### Instructions to follow
Search the data below for the word "operatorname" and copy each line that holds it.

(Recorded data)

--------------------------------------------------

(* Let $R$ be a GCD-domain. Let $0\leqslant n\leqslant m$, $s_0,s_1,\dots,s_n\in\operatorname{Sqf} R$ and $t_0,t_1,\dots,t_m\in\operatorname{Sqf} R$. If $$s_n^{2^n}s_{n-1}^{2^{n-1}}\cdots s_1^2s_0=t_m^{2^m}t_{m-1}^{2^{m-1}}\cdots t_1^2t_0,$$ then $s_i\sim t_i$ for $i=0,\dots,n$, and, if $m>n$, then $t_i\in R^{\ast}$ for $i=n+1,\dots,m$.
   Context: A GCD-domain is a commutative ring with identity without zero divisors in which the intersection of any two principal ideals is principal. $R^{\ast}$ denotes the set of invertible elements of $R$; $a\sim b$ means $a$ and $b$ are associated. An element $a\in R$ is square-free if it cannot be written as $a=b^2c$ with $b\in R\setminus R^{\ast}$ and $c\in R$; $\operatorname{Sqf} R$ denotes the set of square-free elements of $R$. *)

theory Defs
  imports Main
begin

definition gcd_domain_prop :: "'a::idom itself \<Rightarrow> bool" where
  "gcd_domain_prop _ \<longleftrightarrow>
     (\<forall>a b :: 'a. \<exists>c. {x. a dvd x} \<inter> {x. b dvd x} = {x. c dvd x})"

definition Sqf :: "'a::idom set" where
  "Sqf = {a. \<not> (\<exists>b c. \<not> b dvd 1 \<and> a = b\<^sup>2 * c)}"

definition assoc :: "'a::idom \<Rightarrow> 'a \<Rightarrow> bool" where
  "assoc a b \<longleftrightarrow> (\<exists>u. u dvd 1 \<and> a = u * b)"

end

theory Submission
  imports Defs
begin

text \<open>Write both sides as \<open>s\<^sub>0 X\<^sup>2 = t\<^sub>0 Y\<^sup>2\<close>, where \<open>X, Y\<close> are the dyadic
  products of the shifted sequences. Dividing \<open>X, Y\<close> by their gcd leaves coprime cofactors
  \<open>a', c'\<close> with \<open>a'\<^sup>2 s\<^sub>0 = c'\<^sup>2 t\<^sub>0\<close>; by the Euclid lemma of GCD-domains \<open>a'\<^sup>2\<close>
  divides the square-free \<open>t\<^sub>0\<close>, so \<open>a'\<close> is a unit, and symmetrically so is \<open>c'\<close>.
  Hence \<open>s\<^sub>0 \<sim> t\<^sub>0\<close> and \<open>X \<sim> Y\<close>; absorbing the unit into \<open>t\<^sub>1\<close> one inducts on the
  length. Padding \<open>s\<close> with ones reduces to \<open>n = m\<close>, and then \<open>1 \<sim> t\<^sub>i\<close> says that
  \<open>t\<^sub>i\<close> is a unit.\<close>

definition is_gcd :: "'a::comm_semiring_1 \<Rightarrow> 'a \<Rightarrow> 'a \<Rightarrow> bool" where
  "is_gcd g a b \<longleftrightarrow> g dvd a \<and> g dvd b \<and> (\<forall>e. e dvd a \<longrightarrow> e dvd b \<longrightarrow> e dvd g)"

definition dyadic_prod :: "(nat \<Rightarrow> 'a::comm_monoid_mult) \<Rightarrow> nat \<Rightarrow> 'a" where
  "dyadic_prod f n = (\<Prod>i\<le>n. f i ^ 2 ^ i)"

lemma Sqf_nonzero: "a \<in> Sqf \<Longrightarrow> a \<noteq> 0"
  unfolding Sqf_def by (auto dest: spec[of _ 0])

lemma one_in_Sqf: "1 \<in> Sqf"
  unfolding Sqf_def by (auto simp: power2_eq_square) (metis dvd_triv_left mult.assoc)

lemma unit_mult_Sqf:
  assumes "a \<in> Sqf" "u dvd 1"
  shows "u * a \<in> Sqf"
  unfolding Sqf_def
proof clarify
  fix b c
  assume "\<not> b dvd 1" and eq: "u * a = b\<^sup>2 * c"
  obtain v where v: "1 = u * v" using assms(2) by (rule dvdE)
  have "a = v * (u * a)" using v by (simp add: ac_simps)
  also have "\<dots> = b\<^sup>2 * (v * c)" using eq by (simp add: ac_simps)
  finally have "a = b\<^sup>2 * (v * c)" .
  with assms(1) \<open>\<not> b dvd 1\<close> show False unfolding Sqf_def by blast
qed

lemma units_mult_dvd_one: "a dvd 1 \<Longrightarrow> b dvd 1 \<Longrightarrow> a * b dvd (1::'a::comm_semiring_1)"
  using mult_dvd_mono[of a 1 b 1] by simp

lemma assoc_refl: "assoc a a"
  unfolding assoc_def by (intro exI[of _ 1]) simp

lemma assoc_of_unit_mult_eq:
  assumes "u dvd 1" "v dvd 1" "u * a = v * b"
  shows "assoc a b"
proof -
  obtain w where w: "1 = u * w" using assms(1) by (rule dvdE)
  have "a = w * (u * a)" using w by (simp add: ac_simps)
  also have "\<dots> = (w * v) * b" using assms(3) by (simp add: ac_simps)
  finally have "a = (w * v) * b" .
  moreover have "w dvd 1" using w by (metis dvd_triv_right)
  then have "w * v dvd 1" using assms(2) by (rule units_mult_dvd_one)
  ultimately show ?thesis unfolding assoc_def by blast
qed

lemma assoc_mult_unit_right: "assoc a (u * b) \<Longrightarrow> u dvd 1 \<Longrightarrow> assoc a b"
  unfolding assoc_def by (metis mult.assoc units_mult_dvd_one)

lemma assoc_one_left_imp_unit: "assoc 1 b \<Longrightarrow> b dvd 1"
  unfolding assoc_def by (metis dvd_triv_right)

lemma gcd_domain_is_gcd_exists:
  assumes G: "gcd_domain_prop TYPE('a::idom)"
  shows "\<exists>g. is_gcd g a (b::'a)"
proof (cases "a = 0 \<or> b = 0")
  case True
  then show ?thesis
    by (metis dvd_0_right dvd_refl is_gcd_def)
next
  case False
  then have "a \<noteq> 0" "b \<noteq> 0" by auto
  from G obtain l where "{x. a dvd x} \<inter> {x. b dvd x} = {x. l dvd x}"
    unfolding gcd_domain_prop_def by blast
  then have lcm: "a dvd x \<and> b dvd x \<longleftrightarrow> l dvd x" for x
    by (metis (mono_tags) Int_iff mem_Collect_eq)
  text \<open>The gcd is \<open>ab/l\<close> for the generator \<open>l\<close> of the intersection, a least common multiple.\<close>
  obtain g where g: "a * b = l * g"
    using lcm[of "a * b"] by (auto elim: dvdE)
  obtain k where k: "l = a * k" using lcm[of l] by (auto elim: dvdE)
  obtain k' where k': "l = b * k'" using lcm[of l] by (auto elim: dvdE)
  have "l \<noteq> 0" using g \<open>a \<noteq> 0\<close> \<open>b \<noteq> 0\<close> by auto
  have "b = k * g"
    using g k \<open>a \<noteq> 0\<close> by (simp add: mult.assoc)
  then have "g dvd b" by simp
  have "a = k' * g"
    using g k' \<open>b \<noteq> 0\<close> by (simp add: mult.assoc mult.commute[of a])
  then have "g dvd a" by simp
  have "e dvd g" if ea: "e dvd a" and eb: "e dvd b" for e
  proof -
    obtain a1 where a1: "a = e * a1" using ea by (rule dvdE)
    obtain b1 where b1: "b = e * b1" using eb by (rule dvdE)
    have "l dvd e * a1 * b1"
      using lcm a1 b1 by (metis dvd_triv_left mult.assoc mult.commute)
    then obtain h where h: "e * a1 * b1 = l * h" by (rule dvdE)
    have "l * g = e * (e * a1 * b1)" using g a1 b1 by (simp add: ac_simps)
    also have "\<dots> = l * (e * h)" using h by (simp add: ac_simps)
    finally have "l * g = l * (e * h)" .
    then show "e dvd g" using \<open>l \<noteq> 0\<close> by simp
  qed
  with \<open>g dvd a\<close> \<open>g dvd b\<close> show ?thesis unfolding is_gcd_def by blast
qed

lemma is_gcd_one_sym: "is_gcd 1 x y \<Longrightarrow> is_gcd 1 y x"
  unfolding is_gcd_def by blast

lemma is_gcd_cofactors_coprime:
  assumes "is_gcd g a b" "g \<noteq> 0" "a = g * a'" "b = g * b'"
  shows "is_gcd (1::'a::idom) a' b'"
  using assms unfolding is_gcd_def
  by (metis dvd_mult_cancel_left one_dvd mult.right_neutral)

lemma gcd_domain_coprime_dvd_mult:
  assumes G: "gcd_domain_prop TYPE('a::idom)"
    and cp: "is_gcd 1 x y" and dvd: "x dvd y * (z::'a)"
  shows "x dvd z"
proof (cases "z = 0")
  case False
  obtain d where d: "is_gcd d (x * z) (y * z)"
    using gcd_domain_is_gcd_exists[OF G] by blast
  have "x dvd d" using d dvd unfolding is_gcd_def by (simp add: mult.commute)
  obtain d' where d': "d = z * d'"
    using d unfolding is_gcd_def by (metis dvd_triv_right dvdE)
  have "d' dvd x" "d' dvd y"
    using d d' False unfolding is_gcd_def by (simp_all add: mult.commute)
  then have "d' dvd 1" using cp unfolding is_gcd_def by blast
  then have "d dvd z" using d' by (metis mult_dvd_mono dvd_refl mult.right_neutral)
  with \<open>x dvd d\<close> show ?thesis by (rule dvd_trans)
qed simp

lemma gcd_domain_coprime_dvd_power_mult:
  assumes G: "gcd_domain_prop TYPE('a::idom)"
    and cp: "is_gcd 1 x y" and "x dvd y ^ k * (z::'a)"
  shows "x dvd z"
  using assms(3)
proof (induction k)
  case (Suc k)
  then have "x dvd y * (y ^ k * z)" by (simp add: mult.assoc)
  then have "x dvd y ^ k * z" by (rule gcd_domain_coprime_dvd_mult[OF G cp])
  then show ?case by (rule Suc.IH)
qed simp

lemma gcd_domain_coprime_square_dvd_Sqf_unit:
  assumes G: "gcd_domain_prop TYPE('a::idom)"
    and cp: "is_gcd 1 x y" and dvd: "x\<^sup>2 dvd y\<^sup>2 * (d::'a)" and d: "d \<in> Sqf"
  shows "x dvd 1"
proof -
  have "x \<noteq> 0"
  proof
    assume "x = 0"
    then have "y dvd 1" using cp unfolding is_gcd_def by auto
    with dvd \<open>x = 0\<close> Sqf_nonzero[OF d] show False by auto
  qed
  have "x dvd y\<^sup>2 * d" using dvd by (metis dvd_mult_left power2_eq_square)
  then have "x dvd d" by (rule gcd_domain_coprime_dvd_power_mult[OF G cp])
  then obtain d1 where d1: "d = x * d1" by (rule dvdE)
  have "x * x dvd x * (y\<^sup>2 * d1)"
    using dvd d1 by (simp add: power2_eq_square ac_simps)
  then have "x dvd y\<^sup>2 * d1" using \<open>x \<noteq> 0\<close> by simp
  then have "x dvd d1" by (rule gcd_domain_coprime_dvd_power_mult[OF G cp])
  then obtain d2 where "d = x\<^sup>2 * d2"
    using d1 by (auto simp: power2_eq_square mult.assoc elim: dvdE)
  then show ?thesis using d unfolding Sqf_def by blast
qed

lemma gcd_domain_square_mult_Sqf_eq_imp_assoc:
  assumes G: "gcd_domain_prop TYPE('a::idom)"
    and "a \<noteq> 0" "b \<in> Sqf" "d \<in> Sqf" and eq: "a\<^sup>2 * b = c\<^sup>2 * (d::'a)"
  shows "assoc a c \<and> assoc b d"
proof -
  obtain g where g: "is_gcd g a c" using gcd_domain_is_gcd_exists[OF G] by blast
  obtain a' where a': "a = g * a'" using g unfolding is_gcd_def by blast
  obtain c' where c': "c = g * c'" using g unfolding is_gcd_def by blast
  have "g \<noteq> 0" using a' \<open>a \<noteq> 0\<close> by auto
  have cp: "is_gcd 1 a' c'" using is_gcd_cofactors_coprime[OF g \<open>g \<noteq> 0\<close> a' c'] .
  have "g\<^sup>2 * (a'\<^sup>2 * b) = g\<^sup>2 * (c'\<^sup>2 * d)"
    using eq a' c' by (simp add: power_mult_distrib ac_simps)
  then have eq': "a'\<^sup>2 * b = c'\<^sup>2 * d" using \<open>g \<noteq> 0\<close> by simp
  have "a' dvd 1"
    using gcd_domain_coprime_square_dvd_Sqf_unit[OF G cp _ \<open>d \<in> Sqf\<close>] eq'
    by (metis dvd_triv_left)
  moreover have "c' dvd 1"
    using gcd_domain_coprime_square_dvd_Sqf_unit[OF G is_gcd_one_sym[OF cp] _ \<open>b \<in> Sqf\<close>] eq'
    by (metis dvd_triv_left)
  moreover have "c' * a = a' * c" using a' c' by (simp add: ac_simps)
  ultimately have "assoc a c" by (intro assoc_of_unit_mult_eq[of c' a'])
  moreover have "assoc b d"
    using \<open>a' dvd 1\<close> \<open>c' dvd 1\<close> eq'
    by (intro assoc_of_unit_mult_eq) (simp_all add: power2_eq_square units_mult_dvd_one)
  ultimately show ?thesis ..
qed

lemma dyadic_prod_0 [simp]: "dyadic_prod f 0 = f 0"
  by (simp add: dyadic_prod_def)

lemma dyadic_prod_Suc_shift:
  fixes f :: "nat \<Rightarrow> 'a::comm_semiring_1"
  shows "dyadic_prod f (Suc n) = f 0 * (dyadic_prod (\<lambda>i. f (Suc i)) n)\<^sup>2"
proof -
  have "dyadic_prod f (Suc n) = f 0 * (\<Prod>i\<le>n. f (Suc i) ^ 2 ^ Suc i)"
    unfolding dyadic_prod_def by (subst prod.atMost_Suc_shift) simp
  also have "(\<Prod>i\<le>n. f (Suc i) ^ 2 ^ Suc i) = (\<Prod>i\<le>n. (f (Suc i) ^ 2 ^ i)\<^sup>2)"
    by (intro prod.cong refl) (simp add: power_mult[symmetric] mult.commute)
  also have "\<dots> = (dyadic_prod (\<lambda>i. f (Suc i)) n)\<^sup>2"
    unfolding dyadic_prod_def by (rule prod_power_distrib[symmetric])
  finally show ?thesis .
qed

lemma dyadic_prod_mult_first:
  "dyadic_prod (f(0 := u * f 0)) n = u * dyadic_prod f n"
  by (induction n) (simp_all add: dyadic_prod_def mult.assoc)

lemma dyadic_prod_pad_ones:
  assumes "n \<le> m"
  shows "dyadic_prod (\<lambda>i. if i \<le> n then f i else 1) m = dyadic_prod f n"
  unfolding dyadic_prod_def using assms
  by (intro prod.mono_neutral_cong_right) auto

lemma dyadic_prod_Sqf_nonzero:
  "\<forall>i\<le>n. f i \<in> Sqf \<Longrightarrow> dyadic_prod f n \<noteq> (0::'a::idom)"
  unfolding dyadic_prod_def by (auto simp: Sqf_nonzero)

lemma gcd_domain_dyadic_prod_eq_imp_assoc:
  assumes G: "gcd_domain_prop TYPE('a::idom)"
  shows "\<forall>i\<le>n. s i \<in> Sqf \<Longrightarrow> \<forall>i\<le>n. t i \<in> Sqf \<Longrightarrow> dyadic_prod s n = dyadic_prod t n \<Longrightarrow>
    \<forall>i\<le>n. assoc (s i) (t i :: 'a)"
proof (induction n arbitrary: s t)
  case 0
  then show ?case by (simp add: assoc_refl)
next
  case (Suc n)
  define X where "X = dyadic_prod (\<lambda>i. s (Suc i)) n"
  define Y where "Y = dyadic_prod (\<lambda>i. t (Suc i)) n"
  have "X\<^sup>2 * s 0 = Y\<^sup>2 * t 0"
    using Suc.prems(3) by (simp add: X_def Y_def dyadic_prod_Suc_shift mult.commute)
  moreover have "X \<noteq> 0"
    unfolding X_def using Suc.prems(1) by (intro dyadic_prod_Sqf_nonzero) auto
  moreover have "s 0 \<in> Sqf" "t 0 \<in> Sqf" using Suc.prems(1,2) by auto
  ultimately have "assoc X Y" and head: "assoc (s 0) (t 0)"
    using gcd_domain_square_mult_Sqf_eq_imp_assoc[OF G] by auto
  then obtain u where u: "u dvd 1" "X = u * Y" unfolding assoc_def by blast
  define t' where "t' = (\<lambda>i. t (Suc i))(0 := u * t 1)"
  have "\<forall>i\<le>n. s (Suc i) \<in> Sqf" using Suc.prems(1) by auto
  moreover have "\<forall>i\<le>n. t' i \<in> Sqf"
    using Suc.prems(2) unit_mult_Sqf[OF _ u(1)] by (auto simp: t'_def)
  moreover have "dyadic_prod (\<lambda>i. s (Suc i)) n = dyadic_prod t' n"
    using u(2) dyadic_prod_mult_first[of "\<lambda>i. t (Suc i)" u n] by (simp add: X_def Y_def t'_def)
  ultimately have tail: "\<forall>i\<le>n. assoc (s (Suc i)) (t' i)"
    by (rule Suc.IH)
  show ?case
  proof (intro allI impI)
    fix i assume "i \<le> Suc n"
    show "assoc (s i) (t i)"
    proof (cases i)
      case 0
      with head show ?thesis by simp
    next
      case (Suc j)
      with \<open>i \<le> Suc n\<close> tail have "assoc (s i) (t' j)" by simp
      show ?thesis
      proof (cases "j = 0")
        case True
        with \<open>assoc (s i) (t' j)\<close> Suc have "assoc (s i) (u * t i)" by (simp add: t'_def)
        then show ?thesis using u(1) by (rule assoc_mult_unit_right)
      qed (use \<open>assoc (s i) (t' j)\<close> Suc in \<open>simp add: t'_def\<close>)
    qed
  qed
qed

theorem proposition2:
  fixes s t :: "nat \<Rightarrow> 'a::idom" and n m :: nat
  assumes "gcd_domain_prop TYPE('a)"
    and "n \<le> m"
    and "\<forall>i\<le>n. s i \<in> Sqf"
    and "\<forall>i\<le>m. t i \<in> Sqf"
    and "(\<Prod>i\<le>n. s i ^ (2 ^ i)) = (\<Prod>i\<le>m. t i ^ (2 ^ i))"
  shows "(\<forall>i\<le>n. assoc (s i) (t i)) \<and> (m > n \<longrightarrow> (\<forall>i\<in>{n<..m}. t i dvd 1))"
proof -
  define s' where "s' = (\<lambda>i. if i \<le> n then s i else 1)"
  have "dyadic_prod s' m = dyadic_prod s n"
    unfolding s'_def using assms(2) by (rule dyadic_prod_pad_ones)
  also have "\<dots> = dyadic_prod t m" using assms(5) by (simp add: dyadic_prod_def)
  finally have "dyadic_prod s' m = dyadic_prod t m" .
  moreover have "\<forall>i\<le>m. s' i \<in> Sqf"
    using assms(3) by (simp add: s'_def one_in_Sqf)
  ultimately have padded: "\<forall>i\<le>m. assoc (s' i) (t i)"
    using gcd_domain_dyadic_prod_eq_imp_assoc[OF assms(1)] assms(4) by blast
  have "assoc (s i) (t i)" if "i \<le> n" for i
    using padded[rule_format, of i] that assms(2) by (simp add: s'_def)
  moreover have "t i dvd 1" if "i \<in> {n<..m}" for i
  proof -
    have "assoc 1 (t i)" using padded[rule_format, of i] that by (simp add: s'_def)
    then show ?thesis by (rule assoc_one_left_imp_unit)
  qed
  ultimately show ?thesis by blast
qed

end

--------------------------------------------------

### Solution
(* Let $R$ be a GCD-domain. Let $0\leqslant n\leqslant m$, $s_0,s_1,\dots,s_n\in\operatorname{Sqf} R$ and $t_0,t_1,\dots,t_m\in\operatorname{Sqf} R$. If $$s_n^{2^n}s_{n-1}^{2^{n-1}}\cdots s_1^2s_0=t_m^{2^m}t_{m-1}^{2^{m-1}}\cdots t_1^2t_0,$$ then $s_i\sim t_i$ for $i=0,\dots,n$, and, if $m>n$, then $t_i\in R^{\ast}$ for $i=n+1,\dots,m$.
   Context: A GCD-domain is a commutative ring with identity without zero divisors in which the intersection of any two principal ideals is principal. $R^{\ast}$ denotes the set of invertible elements of $R$; $a\sim b$ means $a$ and $b$ are associated. An element $a\in R$ is square-free if it cannot be written as $a=b^2c$ with $b\in R\setminus R^{\ast}$ and $c\in R$; $\operatorname{Sqf} R$ denotes the set of square-free elements of $R$. *)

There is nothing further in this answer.